Fail, or you won’t succeed
Now, I’m not advocating bouncing from one thing to another without thought or consideration. Both can be part of the action. Elicit every bit of information and every bit of advice you can that relates to your decision. And then make it, and then act on it. Like I said, straightforward advice to give, not so easy to act on. I know because I’ve failed many times. It’s why it’s a good thing that we’re not who we’re going to be yet. That we always have the hope of becoming better. It’s why forgiving yourself is fundamental. If you’re trying to change, failure is inevitable. If failure is inevitable, forgiveness is essential. It turns failure from a verdict against yourself, into a learning opportunity for growth. Bruce Lee said that “the person who never failed never succeeded”, and I agree. If you want to live more than a featureless life, you have to push beyond your comfort zone, you have to risk the unknown, you have to take a leap. Sometimes the best learnings come from the biggest leap. Sometimes there are no small steps to take, only big leaps to dare. My advice is to dare them. And I’m speaking to myself as much as to you. You’ll fall, sometimes majorly, but the only thing that matters is what you learn that gets you back up again. And I promise you, if you live like this, you’ll like who you become.

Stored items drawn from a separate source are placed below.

lemma separated_supp_less:
  assumes u: "is_uf u" and v: "is_uf v" and sep: "separated u v"
  shows "supp_less (supp u) (supp v)"
proof -
  obtain A B where A: "A \<in> u" and B: "B \<in> v" and less: "\<forall>a\<in>A. \<forall>b\<in>B. a < b"
    using sep by (auto simp: separated_def)
  have A_cut: "A \<subseteq> lower_cut v"
  proof
    fix a assume "a \<in> A"
    then have "B \<subseteq> {a<..}" using less by auto
    then show "a \<in> lower_cut v" using uf_mono[OF v B] by (simp add: lower_cut_def)
  qed
  have B_cut: "B \<inter> lower_cut u = {}"
  proof (rule ccontr)
    assume "B \<inter> lower_cut u \<noteq> {}"
    then obtain b where b: "b \<in> B" "{b<..} \<in> u" by (auto simp: lower_cut_def)
    then obtain a where "a \<in> A" "b < a"
      using uf_nonempty[OF u] uf_Int_iff[OF u] A by (metis IntE greaterThan_iff)
    then show False using less b(1) by force
  qed
  have cut_mono: "lower_cut u \<subseteq> lower_cut v"
  proof
    fix w assume "w \<in> lower_cut u"
    then obtain a where "a \<in> A" "w < a"
      using uf_nonempty[OF u] uf_Int_iff[OF u] A by (metis IntE greaterThan_iff lower_cut_def mem_Collect_eq)
    then show "w \<in> lower_cut v" using A_cut lower_cut_downward[OF v] by (meson less_imp_le subsetD)
  qed
  have gap: "\<exists>z. z \<in> lower_cut v \<and> z \<notin> lower_cut u"
    if "lower_cut v \<in> v \<or> - lower_cut u \<in> u"
    using that uf_nonempty[OF v, of "B \<inter> lower_cut v"] uf_nonempty[OF u, of "A \<inter> - lower_cut u"]
      uf_Int_iff[OF u] uf_Int_iff[OF v] A B A_cut B_cut by blast
  have "x \<in> A" if "u = principal_uf x" for x
    using A that by (simp add: principal_uf_def)
  moreover have "y \<in> B" if "v = principal_uf y" for y
    using B that by (simp add: principal_uf_def)
  ultimately show ?thesis
    using less A_cut B_cut cut_mono gap
    by (cases rule: supp_cases[OF u]; cases rule: supp_cases[OF v]) (auto simp: principal_uf_inject)
qed

lemma supp_if_lower_cut_mem:
  assumes u: "is_uf u" and cut: "lower_cut u \<in> u"
  shows "supp u = LCut (lower_cut u)"
  using u
proof (cases rule: supp_cases)
  case right
  then show ?thesis using cut uf_Compl_iff[OF u] by blast
next
  case (point x)
  then show ?thesis using cut by (simp add: lower_cut_principal) (simp add: principal_uf_def)
qed

lemma supp_eq_if_compl_lower_cut_mem:
  assumes u: "is_uf u" and v: "is_uf v" and cut: "lower_cut u = lower_cut v"
    and compl_u: "- lower_cut u \<in> u" and compl_v: "- lower_cut v \<in> v"
  shows "supp u = supp v"
  using u
proof (cases rule: supp_cases)
  case (point x)
  then have "v = principal_uf x"
    using principal_if_compl_lower_cut[OF v _ compl_v] cut by simp
  then show ?thesis using point by simp
next
  case left
  then show ?thesis using compl_u uf_Compl_iff[OF u] by blast
next
  case right
  from v show ?thesis
  proof (cases rule: supp_cases)
    case (point y)
    then have "u = principal_uf y"
      using principal_if_compl_lower_cut[OF u _ compl_u] cut by simp
    then show ?thesis using right(1) by (auto simp: is_principal_def)
  next
    case left
    then show ?thesis using compl_v uf_Compl_iff[OF v] by blast
  next
    case right
    then show ?thesis using \<open>supp u = RCut (- lower_cut u)\<close> cut by simp
  qed
qed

So, what have I done here? Written more words that may help some people, and be ignored by others. If my words have resonated, that’s wonderful. Go and take some action now. The difference between being inspiring and being uplifting is that being inspired causes you to act, whereas uplifting just gives you a temporary boost. I intend to inspire. If you’ve read this, and you recognise the sentiments but feel unmoved (notice that word?), then it might just be that you’re in the wrong place to hear them.
Think about that.
Look around you and take an inventory. I read somewhere that we’re a composite of the five people we spend the most time with. Do those people stretch you, support you and inspire you? Or do they conspire – even innocently – to keep you stuck in your present limitations? Write down what things in your life hold you back. Things like money, children, family or job. These are the constraints you imagine bind you, and I use the word ‘imagine’ advisedly. If you looked around, you’d find plenty of people with the same constraints who’ve created success from them. Ask unemployed single mother JK Rowling. Research has found that constraints actually make us more creative, so I’d pose another question of you. Where is the opportunity in your situation? What could you do with what you have (ok that’s two)? When I decided I wanted to become a therapist I looked around. Every course was at the weekend, and I had my children then, so they were out. The only thing I could find was a Diploma course in Psychotherapy and Hypnotherapy that had a distance learning and 1-to-1 mentoring format. It wasn’t great – my students know more after their first weekend than I knew after two years – but it got me started. Don’t wait for perfect, go for what’s possible. Begin. Take action. Honestly, if you keep to that mantra, once the first steps have been taken your momentum will keep the doors opening.